28 agosto 2004

pílulas barretianas

afonso henriques de lima barreto. nome de rei ou nobre. na verdade, mulato, pobre, alcoólatra e um dos maiores escritores nacionais. com certeza o mais carioca deles, ao lado de joão do rio.

sua condição marginal lhe conferia uma visão aguda da natureza humana e da sociedade; quase sempre implacável quando o assunto era seu próprio papel nela.

há muito tempo li o "cemitério dos vivos", amargo diário sobre sua derradeira estadia no sanatório da praia vermelha, atualmente, campus da ufrj. é lá que fica, entre outras, a escola de comunicação da ufrj, onde concluí o mestrado (pode-se dizer que há pontos de contato entre o passado e o presente, mas isso é outra história...). hoje, fazendo uma mega-limpeza no computa, achei uns trechos do livro, que faço questão de reproduzir. depois me digam se o sujeito não era um azougue.

"Eu não tenho nenhuma espécie de superstição pelos nossos títulos escolares ou universitários; eles dão algumas vezes algum saber profissional, muito restrito e ronceiro, e nunca uma verdadeira cultura (...)"

"Esta nossa sociedade é absolutamente idiota. Nunca se viu tanta falta de gosto. Nunca se viu tanta atonia, tanta falta de iniciativa e autonomia intelectual! É um rebanho de Panúrgio, que só quer ver o doutor em tudo, e isso cada vez mais se justifica, quanto mais os doutores se desmoralizam pela sua ignorância e voracidade de empregos. Quem quiser lutar aqui e tiver de fato um ideal qualquer superior, há de por força cair. Não encontra quem o siga, não encontra quem o apoie. Pobre, há de cair pela sua própria pobreza; rico, há de cair pelo desânimo e pelo desdém por esta Bruzundanga. Nos grandes países de grandes invenções, de grandes descobertas, de teorias ousadas, não se vê nosso fetichismo pelo título universitário que aqui se transformou
em título nobiliárquico. É o Don espanhol."

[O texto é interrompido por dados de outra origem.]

(* Rescaling by \<alpha> reduces everything to \<alpha> = 1 with a = \<alpha> m, b = \<alpha> L. The set of certified
   rates is closed (a projection along the compact multiplier interval) and contains all large
   rates, so the infimum equals rho_GD exactly when rho_GD itself is certified. Now rho_GD = |1 - x|
   for the active step factor x \<in> {a(1 - \<delta>), b(1 + \<delta>)}, where F(1 - x, \<lambda>) is minus a square;
   this forces \<lambda> = (b - a) / (\<delta> x), and then F(x - 1, \<lambda>) has the sign of
   -(1 - x)(x(a + b - 2) + \<delta>(b - a)). For the two choices of x this sign condition is
   \<alpha> \<le> \<alpha>_- resp. \<alpha> \<ge> \<alpha>_+. *)

definition certified_rate :: "real \<Rightarrow> real \<Rightarrow> real \<Rightarrow> real \<Rightarrow> real \<Rightarrow> bool" where
  "certified_rate m L \<alpha> \<delta> \<rho> \<longleftrightarrow>
     (\<exists>lam\<in>{0..2 / \<delta>^2}. 0 \<le> Ffun m L \<alpha> \<delta> \<rho> lam \<and> 0 \<le> Ffun m L \<alpha> \<delta> (-\<rho>) lam)"

lemma certified_rate_uminus: "certified_rate m L \<alpha> \<delta> (-\<rho>) \<longleftrightarrow> certified_rate m L \<alpha> \<delta> \<rho>"
  unfolding certified_rate_def by auto

lemma Ffun_scale: "Ffun m L \<alpha> \<delta> t lam = Ffun (\<alpha> * m) (\<alpha> * L) 1 \<delta> t lam"
  unfolding Ffun_def by (simp add: power2_eq_square algebra_simps)

lemma rho_GD_scale: "rho_GD m L \<alpha> \<delta> = rho_GD (\<alpha> * m) (\<alpha> * L) 1 \<delta>"
  unfolding rho_GD_def by (simp add: mult.commute)

lemma certified_rate_scale:
  "certified_rate m L \<alpha> \<delta> \<rho> \<longleftrightarrow> certified_rate (\<alpha> * m) (\<alpha> * L) 1 \<delta> \<rho>"
  unfolding certified_rate_def Ffun_scale[of m L \<alpha>] ..

lemma closed_certified_rate: "closed {\<rho>. certified_rate m L \<alpha> \<delta> \<rho>}"
proof -
  have "{\<rho>. certified_rate m L \<alpha> \<delta> \<rho>} =
      {\<rho>. \<exists>lam. lam \<in> {0..2 / \<delta>^2} \<and>
         (lam, \<rho>) \<in> {p. 0 \<le> Ffun m L \<alpha> \<delta> (snd p) (fst p) \<and> 0 \<le> Ffun m L \<alpha> \<delta> (- snd p) (fst p)}}"
    unfolding certified_rate_def by auto
  also have "closed \<dots>"
    by (intro closed_compact_projection compact_Icc closed_Collect_conj closed_Collect_le
        continuous_on_const) (simp_all add: Ffun_def continuous_intros)
  finally show ?thesis .
qed

lemma Inf_eq_lower_bound_iff:
  fixes S :: "real set"
  assumes "closed S" "S \<noteq> {}" "\<And>x. x \<in> S \<Longrightarrow> r \<le> x"
  shows "Inf S = r \<longleftrightarrow> r \<in> S"
proof
  assume "Inf S = r"
  then show "r \<in> S"
    using closed_contains_Inf[of S] assms by (metis bdd_belowI)
next
  assume "r \<in> S"
  then show "Inf S = r"
    using assms(3) by (rule cInf_eq_minimum)
qed
(* For M = wmat k n x, lambda_char M is the signed sum of the principal minors M_S,
   S a subset of {0..<k*n}.  Group the S by the set T of blocks in which S has an odd
   number of elements; call the resulting partial sums G_T.  Since M is block-monomial
   along the permutation sigma of x, M_S vanishes unless the block sizes of S are
   sigma-invariant, and then it factors into minors of the blocks g_j (entries of exterior
   powers of g_j) times the sign of the induced shift of blocks; together with (-1)^|S| that
   sign is (-1)^|T| sgn (sigma restricted to T).  Hence on the Young subgroup
   (-1)^m eta_(n-m)(beta) eps_m(gamma) equals G_{n-m..<n}.  The G_T are the Fourier
   coefficients of e |-> det (1 - diag e M) on {1,-1}^n, so conjugation in the wreath product
   only relabels T.  The induced character at x is therefore (-1)^m times the sum of G_U over
   the sigma-invariant m-subsets U, while G_U = 0 for non-invariant U; summing over m gives
   lambda_char M. *)

theory Submission
  imports Defs
begin

section \<open>Determinants over finite index sets\<close>

definition det_on :: "('b \<Rightarrow> 'b \<Rightarrow> 'a::comm_ring_1) \<Rightarrow> 'b set \<Rightarrow> 'a" where
  "det_on f S = (\<Sum>p | p permutes S. of_int (sign p) * (\<Prod>i\<in>S. f i (p i)))"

" (...) embora a glória me tenha dado beijos furtivos, eu sinto que a vida não tem mais sabor para mim. Não quero, entretanto, morrer; queria outra vida, queria esquecer a que vivi, mesmo talvez com perda de certas boas qualidades que tenho, mas queria que ela fosse plácida, serena, medíocre e pacífica, como a de todos."